Strangely, I know of at least one major federal agency that uses proportional fonts in official letters, but still insists upon using two spaces.
Two. You’ll get my extra space when you pry it out of my cold, dead hand.
Yes, you can. And if the original author puts a smiley after each sentence, you can globally delete those as well.
Doesn’t mean it isn’t annoying.
It seems that I’ll get it rather more easily than that, actually.
(Mods: I know there’s a rule against editing quotes, but this is purely for comedic purposes.)
The article is correct. Two spaces are appropriate only when using monospace fonts.
This is why HTML ignores all extra whitespace after the first space, BTW. Nothing amuses me more than seeing some n00b web guru typing multiple spaces after his sentences only to have them rendered (literally) moot.
I was never taught how to type - I sort of figured it out myself (it’s not as if the keys don’t have letters on them). Using two spaces after a period never occurred to me. Seems like a waste of effort.
One space. What is *up *with you old fogeys and two spaces? Do you ring up the pharmacy on your rotary phone via a landline so you can make sure Ethel still carries those Little Liver Pills you take to keep away the palsy and the cattarh?
Come, join us here in the 21st century. It’s nice, I promise.
I learned 2. It’s a hard habit to break, so I’ll just keep using 2.
Why, you little punk! I’d smack you but I might wrench my shoulder.
shakes fist ineffectually
[Moderating]
This is just a reminder that altering quotes while retaining the attribution is against the rules even for comedic purposes. However, since your edit is invisible (which is part of the point) I won’t even make this a note.
Colibri
Moderator
TWO spaces. I like it. It’s perfect. One is too goddam few, and three would be extremely absurd foolishness.

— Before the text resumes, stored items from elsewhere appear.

lemma adj_kron_one:
  assumes P: "P \<in> carrier_mat b b"
  shows "adj (kron (1\<^sub>m a) P) = kron (1\<^sub>m a) (adj P)"
proof (rule eq_matI)
  fix i j assume "i < dim_row (kron (1\<^sub>m a) (adj P))" "j < dim_col (kron (1\<^sub>m a) (adj P))"
  hence i: "i < a * b" and j: "j < a * b" using P by auto
  hence "b > 0" by (cases b) auto
  thus "adj (kron (1\<^sub>m a) P) $$ (i,j) = kron (1\<^sub>m a) (adj P) $$ (i,j)"
    using index_kron_one[OF j i P] index_kron_one[OF i j adj_carrier[OF P]] i j P by auto
qed (use P in auto)

lemma kron_one_diag_real: "kron (1\<^sub>m a) (diag_real b d) = diag_real (a * b) (\<lambda>i. d (i mod b))"
proof (rule eq_matI)
  fix i j assume "i < dim_row (diag_real (a * b) (\<lambda>i. d (i mod b)))"
    "j < dim_col (diag_real (a * b) (\<lambda>i. d (i mod b)))"
  hence i: "i < a * b" and j: "j < a * b" by auto
  hence "b > 0" by (cases b) auto
  moreover have "i = j \<longleftrightarrow> i div b = j div b \<and> i mod b = j mod b"
    by (metis div_mult_mod_eq)
  ultimately show "kron (1\<^sub>m a) (diag_real b d) $$ (i,j) = diag_real (a * b) (\<lambda>i. d (i mod b)) $$ (i,j)"
    unfolding index_kron_one[OF i j diag_real_carrier] using i j by (auto simp: diag_real_def)
qed auto

lemma kron_one_one: "kron (1\<^sub>m a) (1\<^sub>m b) = 1\<^sub>m (a * b)"
  unfolding one_mat_diag_real[of b] kron_one_diag_real one_mat_diag_real[of "a * b"] ..

lemma unitary_kron_one:
  assumes U: "unitary b U"
  shows "unitary (a * b) (kron (1\<^sub>m a) U)"
proof -
  note u = unitaryD[OF U]
  show ?thesis
    unfolding unitary_def adj_kron_one[OF u(1)] kron_one_mult[OF u(1) u(2)] kron_one_mult[OF u(2) u(1)]
    using u kron_one_carrier[OF u(1)] by (simp add: kron_one_one)
qed

lemma kron_one_spectral_mat:
  assumes U: "unitary b U"
  shows "kron (1\<^sub>m a) (spectral_mat b U h) = spectral_mat (a * b) (kron (1\<^sub>m a) U) (\<lambda>i. h (i mod b))"
proof -
  note u = unitaryD[OF U]
  have "kron (1\<^sub>m a) (spectral_mat b U h) = kron (1\<^sub>m a) (U * diag_real b h) * kron (1\<^sub>m a) (adj U)"
    by (rule kron_one_mult[OF mult_carrier_mat[OF u(1) diag_real_carrier] u(2), symmetric])
  also have "kron (1\<^sub>m a) (U * diag_real b h) = kron (1\<^sub>m a) U * kron (1\<^sub>m a) (diag_real b h)"
    by (rule kron_one_mult[OF u(1) diag_real_carrier, symmetric])
  finally show ?thesis unfolding kron_one_diag_real adj_kron_one[OF u(1)] .
qed

section \<open>The generalised inverse square root\<close>

definition pinv_sqrt :: "real \<Rightarrow> real" where
  "pinv_sqrt x = (if x > 0 then 1 / sqrt x else 0)"

lemma pinv_sqrt_nonneg: "0 \<le> pinv_sqrt x"
  unfolding pinv_sqrt_def by simp

lemma pinv_sqrt_pos: "0 < x \<Longrightarrow> 0 < pinv_sqrt x"
  unfolding pinv_sqrt_def by simp
(* Let $f:\mathbb{N}\to\mathbb{N}$ satisfy $f(n)/n\to0$, and let $T$ be a locally finite, perfect tree with fixed root $r$. Then the compatibility graph $C_{T,r}$ is $\mathcal{Z}_f^+$-Ramsey: for every finite coloring of the edges of $K_\mathbb{N}$ there is a monochromatic copy of $C_{T,r}$ whose vertex set $V$ does not satisfy $|V\cap\{1,\dots,n\}|/f(n)\to0$.
   Context: $\mathbb{N}=\{1,2,\dots\}$, $K_\mathbb{N}$ the complete graph on $\mathbb{N}$; a copy is a subgraph isomorphic to the given graph, monochromatic if all its edges have the same color. $\mathcal{Z}_f$ is the ideal of sets $A\subseteq\mathbb{N}$ with $|A\cap\{1,\dots,n\}|/f(n)\to0$, and $\mathcal{Z}_f^+$ is its complement in $\mathcal{P}(\mathbb{N})$. For a tree $T$ with root $r$, $v$ is an extension of $u$ if $u$ lies on the unique path from $r$ to $v$; $u,v$ are compatible if one is an extension of the other. $T$ is perfect if every vertex has two extensions that are incompatible with each other. The compatibility graph $C_{T,r}$ has vertex set $V(T)$ and an edge between every pair of distinct compatible vertices. *)

theory Defs
  imports Complex_Main
begin

definition is_path :: "'a set \<Rightarrow> ('a \<Rightarrow> 'a \<Rightarrow> bool) \<Rightarrow> 'a list \<Rightarrow> bool" where
  "is_path V E p \<longleftrightarrow> p \<noteq> [] \<and> set p \<subseteq> V \<and> distinct p \<and>
     (\<forall>i. Suc i < length p \<longrightarrow> E (p ! i) (p ! Suc i))"

definition is_tree :: "'a set \<Rightarrow> ('a \<Rightarrow> 'a \<Rightarrow> bool) \<Rightarrow> bool" where
  "is_tree V E \<longleftrightarrow> V \<noteq> {} \<and>
     (\<forall>u v. E u v \<longrightarrow> u \<in> V \<and> v \<in> V \<and> u \<noteq> v \<and> E v u) \<and>
     (\<forall>u\<in>V. \<forall>v\<in>V. \<exists>!p. is_path V E p \<and> hd p = u \<and> last p = v)"

definition locally_finite :: "'a set \<Rightarrow> ('a \<Rightarrow> 'a \<Rightarrow> bool) \<Rightarrow> bool" where
  "locally_finite V E \<longleftrightarrow> (\<forall>v\<in>V. finite {w. E v w})"

definition tree_path :: "'a set \<Rightarrow> ('a \<Rightarrow> 'a \<Rightarrow> bool) \<Rightarrow> 'a \<Rightarrow> 'a \<Rightarrow> 'a list" where
  "tree_path V E u v = (THE p. is_path V E p \<and> hd p = u \<and> last p = v)"

definition extension :: "'a set \<Rightarrow> ('a \<Rightarrow> 'a \<Rightarrow> bool) \<Rightarrow> 'a \<Rightarrow> 'a \<Rightarrow> 'a \<Rightarrow> bool" where
  "extension V E r u v \<longleftrightarrow> u \<in> V \<and> v \<in> V \<and> u \<in> set (tree_path V E r v)"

Okay, I’ll bite: WHY do you think it’s “too goddamn few” spaces to just have one? Does it make the text less readable for you? Or is it just muscle memory as you type, as Barkis and a few others seem to be implying?
To reinforce the point that Mr. Excellent was making:
The following sentences have one, two, and three spaces after the period respectively:
“Two. You’ll get my extra space when you pry it out of my cold, dead hand.”
“Two. You’ll get my extra space when you pry it out of my cold, dead hand.”
“Two. You’ll get my extra space when you pry it out of my cold, dead hand.”
On the screen, the spacing appears identical regardless of how many spaces you put after the period. So those of you who continue to include two spaces are simply typing additional characters that don’t have any visible effect on your screen text.
I mean, go ahead if the force of habit is that strong, but you should be aware it’s pointless.
Yeah, but it’s an extra step and kind of annoying.
I use 2 but really believe one is correct, but when I try to use one in a long work of any kind, it becomes filled with both one and two because it is automatic to use 2.
One. Two spaces looks odd, like someone randomly sprinkled extra white space throughout their writing.
When people submit stories to the archives I host, step one of cleaning up the documents is always to have word replace all double spaces with single spaces.
Did you check the 1959 edition?
I think I originally learned that two spaces is correct. But during high school I was fortunate enough to find and read a book called The PC is Not a Typewriter, which explained that one space is correct for proportional fonts. Had some other good tips too, like not mixing serif and sans-serif fonts in the same document.
Let’s leave the department of Agriculture out of it.
Don’t we have this discussion every couple of months.
One space. One space!!! I learned two in typewriting class, but that was in the late 80s/early 90s for monospaced fonts. On a proportionally spaced font, you are supposed to use a single space.
Actually, typographers have been using a single space in typeset materials since before there even were rotary phones.
My typing teacher in high school in the 70s taught us to use two spaces on a typewriter, but pointed out that we’d only use one if we ever worked professionally in layout, typesetting, graphic design, or any other field that worked with type.
One space has been the universally-correct answer since typewriters were replaced with word processors. I have a macro on every system I use that removes multiple spaces after punctuation. I didn’t worry about it too much when I was editor of a content-based website (as pointed out above, the Web removes multiple spaces automatically), but that macro was the first thing used on every document I received when I was a newspaper editor.
Assuming Word 2007, you can select the Word Round Button, click Word Options, click Proofing, click Writing Style: Settings, and for Spaces required between sentences choose one of “don’t check”, “1”, or “2”.